Natalie Schafer (as Lovey Howell) plays a Mary Poppins-like character named Mary Poppedin in a dream sequence of the Gilligan's Island episode "And Then There Were None".

In Guardians of the Galaxy Vol. 2, Peter Quill/Star Lord compares Yondu to Mary Poppins at the climax, leading to him (who does not know the character) proudly proclaiming "I'm Mary Poppins, y'all!" as he saves Star-Lord from dying in the vacuum of space.

In The Lego Movie 2: The Second Part, a character named Larry Poppins (voiced by Jorma Taccone) is Mary Poppins' male counterpart.

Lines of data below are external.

lemma ser_has_field_derivative_snd:
  assumes "norm z < 1" "norm w < 1"
  shows "((\<lambda>t. ser z t) has_field_derivative deriv (\<lambda>t. ser z t) w) (at w)"
    and "(\<lambda>b. of_nat (Suc b) * g b z * w ^ b) sums deriv (\<lambda>t. ser z t) w"
proof -
  obtain D where "(\<lambda>b. of_nat (Suc b) * g b z * w ^ b) sums D" "((\<lambda>t. ser z t) has_field_derivative D) (at w)"
    using ser_has_field_derivative_comp[of "\<lambda>_. z" "\<lambda>_. 0" "\<lambda>t. t" "\<lambda>_. 1" w, OF DERIV_const DERIV_ident]
      assms
    by (simp add: ac_simps) blast
  then show "((\<lambda>t. ser z t) has_field_derivative deriv (\<lambda>t. ser z t) w) (at w)"
    and "(\<lambda>b. of_nat (Suc b) * g b z * w ^ b) sums deriv (\<lambda>t. ser z t) w"
    using DERIV_imp_deriv by auto
qed

lemma sums_ser_Euler_snd:
  assumes "norm z < 1" "norm w < 1"
  shows "(\<lambda>b. of_nat (Suc b) * g b z * w ^ Suc b) sums (w * deriv (\<lambda>t. ser z t) w)"
  using sums_mult[OF ser_has_field_derivative_snd(2)[OF assms], of w] by (simp add: ac_simps)
lemma limsup_root_count_ge_if_not_summable:
  fixes t :: "nat \<Rightarrow> nat" and y :: real
  assumes y: "y > 0" and ns: "\<not> summable (\<lambda>n. real (sum_closure_count t n) * y^n)"
  shows "ereal (1/y) \<le> limsup (\<lambda>n. ereal (root n (real (sum_closure_count t n))))"
proof (rule ccontr)
  assume "\<not> ?thesis"
  then have "limsup (\<lambda>n. ereal (root n (real (sum_closure_count t n)))) < ereal (1/y)" by simp
  then obtain \<rho> where r1: "limsup (\<lambda>n. ereal (root n (real (sum_closure_count t n)))) < ereal \<rho>"
      and r2: "ereal \<rho> < ereal (1/y)"
    using ereal_dense2 by blast
  have ev: "eventually (\<lambda>n. ereal (root n (real (sum_closure_count t n))) < ereal \<rho>) sequentially"
    using Limsup_lessD[OF r1] .
  have key: "norm (real (sum_closure_count t n) * y^n) \<le> (\<rho>*y)^n"
    if n: "0 < n" and lt: "ereal (root n (real (sum_closure_count t n))) < ereal \<rho>" for n
  proof -
    have lt': "root n (real (sum_closure_count t n)) < \<rho>" using lt by simp
    have "0 \<le> root n (real (sum_closure_count t n))" by (simp add: real_root_ge_zero)
    then have "(root n (real (sum_closure_count t n)))^n \<le> \<rho>^n"
      using lt' by (intro power_mono) auto
    then have "real (sum_closure_count t n) \<le> \<rho>^n" using n by (simp add: real_root_pow_pos2)
    then show "norm (real (sum_closure_count t n) * y^n) \<le> (\<rho>*y)^n"
      using y by (simp add: power_mult_distrib mult_right_mono)
  qed
  have ev2: "eventually (\<lambda>n. norm (real (sum_closure_count t n) * y^n) \<le> (\<rho>*y)^n) sequentially"
    using ev eventually_gt_at_top[of "0::nat"] by eventually_elim (rule key)
  have "\<rho> * y < 1" using r2 y by (simp add: field_simps)
  moreover have "0 \<le> \<rho>"
  proof -
    obtain n where "0 < n" "root n (real (sum_closure_count t n)) < \<rho>"
      using eventually_happens'[OF _ eventually_conj[OF ev eventually_gt_at_top[of 0]]] by auto
    moreover have "0 \<le> root n (real (sum_closure_count t n))" by (simp add: real_root_ge_zero)
    ultimately show ?thesis by linarith
  qed
  ultimately have "summable (\<lambda>n. (\<rho>*y)^n)" using y by (intro summable_geometric) simp
  then have "summable (\<lambda>n. real (sum_closure_count t n) * y^n)"
    using summable_comparison_test_ev[OF ev2] by blast
  with ns show False by simp
qed

lemma partial_sums_count_power_rec:
  fixes t :: "nat \<Rightarrow> nat" and y :: real
  defines "e \<equiv> \<lambda>n. real (sum_closure_count t n) * y^n"
  defines "w \<equiv> \<lambda>m. real (t m) * y^m"
  defines "S \<equiv> \<lambda>N. \<Sum>n<N. e n"
  shows "S (Suc N) = 1 + (\<Sum>m\<in>{1..N}. w m * S (Suc N - m))"
proof (induction N)
  case 0 then show ?case by (simp add: S_def e_def sum_closure_count_0)
next
  case (Suc N)
  have er: "e (Suc N) = (\<Sum>m\<in>{1..Suc N}. w m * e (Suc N - m))"
    unfolding e_def w_def by (rule sum_closure_count_power_rec) simp
  have "(\<Sum>m\<in>{1..Suc N}. w m * S (Suc (Suc N) - m))
      = (\<Sum>m\<in>{1..Suc N}. w m * S (Suc N - m) + w m * e (Suc N - m))"
  proof (rule sum.cong)
    fix m assume "m \<in> {1..Suc N}"
    then have "Suc (Suc N) - m = Suc (Suc N - m)" by auto
    then show "w m * S (Suc (Suc N) - m) = w m * S (Suc N - m) + w m * e (Suc N - m)"
      by (simp add: S_def algebra_simps)
  qed simp
  also have "\<dots> = (\<Sum>m\<in>{1..Suc N}. w m * S (Suc N - m)) + e (Suc N)"
    by (simp add: sum.distrib er)
  also have "(\<Sum>m\<in>{1..Suc N}. w m * S (Suc N - m)) = (\<Sum>m\<in>{1..N}. w m * S (Suc N - m))"
    by (simp add: S_def)
  finally show ?case using Suc by (simp add: S_def)
qed
(* Forgetting the action on $\mathcal M$, $(f_{\mathcal D},f_{\mathcal M})\mapsto f_{\mathcal D}$ and $(\delta_{\mathcal D},\delta_{\mathcal M})\mapsto\delta_{\mathcal D}$, maps $\mathrm{Aut}(\mathcal D,\mathcal M)$ into $\mathrm{Aut}(\mathcal D)_{\mathcal J}$ and $\mathrm{Der}(\mathcal D,\mathcal M)$ into $\mathrm{Der}(\mathcal D)_{\mathcal J}$.
   Context: Let $\Bbbk$ be a field of characteristic zero, $V$ a $2n$-dimensional $\Bbbk$-vector space with symplectic form $\omega$. Let $D$ be the universal enveloping algebra of the Heisenberg Lie algebra $V\oplus\Bbbk\hbar$ ($[x,y]=\omega(x,y)\hbar$, $\hbar$ central), graded with $V$ in degree 1 and $\hbar$ in degree 2; let $\mathcal D=\prod_{i\geq0}D^i$ and $\mathcal A=\mathcal D/\hbar\mathcal D$. Fix a Lagrangian subspace $\mathfrak x\subset V$, let $\mathcal M=\mathcal D/\mathcal D\mathfrak x$, and let $\mathcal J\subset\mathcal D$ be the preimage of the ideal $\mathcal A\mathfrak x$ under $\mathcal D\to\mathcal A$. $\mathrm{Aut}(\mathcal D)$ (resp. $\mathrm{Der}(\mathcal D)$) is the group of $\Bbbk[[\hbar]]$-linear continuous automorphisms (resp. Lie algebra of continuous $\Bbbk[[\hbar]]$-linear derivations) of $\mathcal D$, and $\mathrm{Aut}(\mathcal D)_{\mathcal J}$, $\mathrm{Der}(\mathcal D)_{\mathcal J}$ consist of those $f$ with $f(\mathcal J)\subset\mathcal J$. $\mathrm{Der}(\mathcal D,\mathcal M)$ is the Lie algebra of pairs $(\delta_{\mathcal D},\delta_{\mathcal M})$ with $\delta_{\mathcal D}\in\mathrm{Der}(\mathcal D)$ and $\delta_{\mathcal M}:\mathcal M\to\mathcal M$ continuous $\Bbbk[[\hbar]]$-linear with $\delta_{\mathcal M}(um)=\delta_{\mathcal D}(u)m+u\,\delta_{\mathcal M}(m)$; $\mathrm{Aut}(\mathcal D,\mathcal M)$ is the group of pairs $(f_{\mathcal D},f_{\mathcal M})$ with $f_{\mathcal D}\in\mathrm{Aut}(\mathcal D)$ and $f_{\mathcal M}:\mathcal M\to\mathcal M$ a continuous $\Bbbk[[\hbar]]$-linear bijection with $f_{\mathcal M}(um)=f_{\mathcal D}(u)f_{\mathcal M}(m)$. *)

theory Defs
  imports Main "HOL-Library.Function_Algebras"
begin

text \<open>
V is coordinatised by a basis indexed by a finite type 'i,
the symplectic form omega is given by its Gram matrix W (omega(e_i,e_j) = W i j).
The completed enveloping algebra of the Heisenberg Lie algebra (V in degree 1,
hbar in degree 2) is realised, via the (grading preserving) symmetrisation /
Weyl-ordering isomorphism, as the algebra of all formal series
  sum over (alpha,m) of u(alpha,m) x^alpha hbar^m
(every homogeneous piece is finite dimensional, so the degree-wise product is
the set of all coefficient functions) with the Moyal product
  a * b = mult (exp((hbar/2) sum_ij W i j d_i (x) d_j)(a (x) b)),
for which x_i * x_j - x_j * x_i = W i j hbar.
\<close>

type_synonym ('i,'k) ser = "(('i \<Rightarrow> nat) \<times> nat) \<Rightarrow> 'k"

definition unitv :: "'i \<Rightarrow> 'i \<Rightarrow> nat" where
  "unitv i = (\<lambda>j. if j = i then 1 else 0)"

definition ffact :: "nat \<Rightarrow> nat \<Rightarrow> 'k::field_char_0" where
  "ffact a c = of_nat (fact a div fact (a - c))"

text \<open>coefficient of x^gamma hbar^k in the Moyal product x^alpha * x^beta\<close>
definition mcoef :: "('i::finite \<Rightarrow> 'i \<Rightarrow> 'k::field_char_0) \<Rightarrow> ('i \<Rightarrow> nat) \<Rightarrow> ('i \<Rightarrow> nat)
    \<Rightarrow> nat \<Rightarrow> ('i \<Rightarrow> nat) \<Rightarrow> 'k" where
  "mcoef W \<alpha> \<beta> k \<gamma> = (1 / (2 ^ k * fact k)) *
     (\<Sum>I\<in>{I. length I = k}. \<Sum>J\<in>{J. length J = k}.
        if (\<forall>i. count_list I i \<le> \<alpha> i \<and> count_list J i \<le> \<beta> i \<and>
                 (\<alpha> i - count_list I i) + (\<beta> i - count_list J i) = \<gamma> i)
        then (\<Prod>t<k. W (I ! t) (J ! t)) *
             (\<Prod>i\<in>UNIV. ffact (\<alpha> i) (count_list I i) * ffact (\<beta> i) (count_list J i))
        else 0)"

definition star :: "('i::finite \<Rightarrow> 'i \<Rightarrow> 'k::field_char_0) \<Rightarrow> ('i,'k) ser \<Rightarrow> ('i,'k) ser \<Rightarrow> ('i,'k) ser" where
  "star W a b = (\<lambda>(\<gamma>, m).
     \<Sum>((\<alpha>, p), (\<beta>, q)) \<in> {((\<alpha>, p), (\<beta>, q)). p + q \<le> m \<and>
          sum \<alpha> UNIV + sum \<beta> UNIV = sum \<gamma> UNIV + 2 * (m - p - q)}.
       a (\<alpha>, p) * b (\<beta>, q) * mcoef W \<alpha> \<beta> (m - p - q) \<gamma>)"

text \<open>k[[hbar]]-module structure: multiplication by the power series sum_p c p hbar^p\<close>
definition hmult :: "(nat \<Rightarrow> 'k::field_char_0) \<Rightarrow> ('i,'k) ser \<Rightarrow> ('i,'k) ser" where
  "hmult c u = (\<lambda>(\<alpha>, m). \<Sum>p\<le>m. c p * u (\<alpha>, m - p))"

Due to the phenomenal success of the 1964 film, Mary Poppins makes regular appearances at all the Disney Parks and Resorts. She is always accompanied by Bert and is located in the Main Street, U.S.A. area of the parks. Mary Poppins and the Pearly band also perform. She can also be found at the United Kingdom Pavilion of the World Showcase in Epcot at Walt Disney World.

A slasher villain take on Mary Poppins, depicted as a "child snatcher" based on her 1926 story's public domain entry in 2022, is set to appear in the 2026 Twisted Childhood Universe film Poohniverse: Monsters Assemble. She will serve as one of the film’s primary evils, alongside Peter Pan and The Mad Hatter.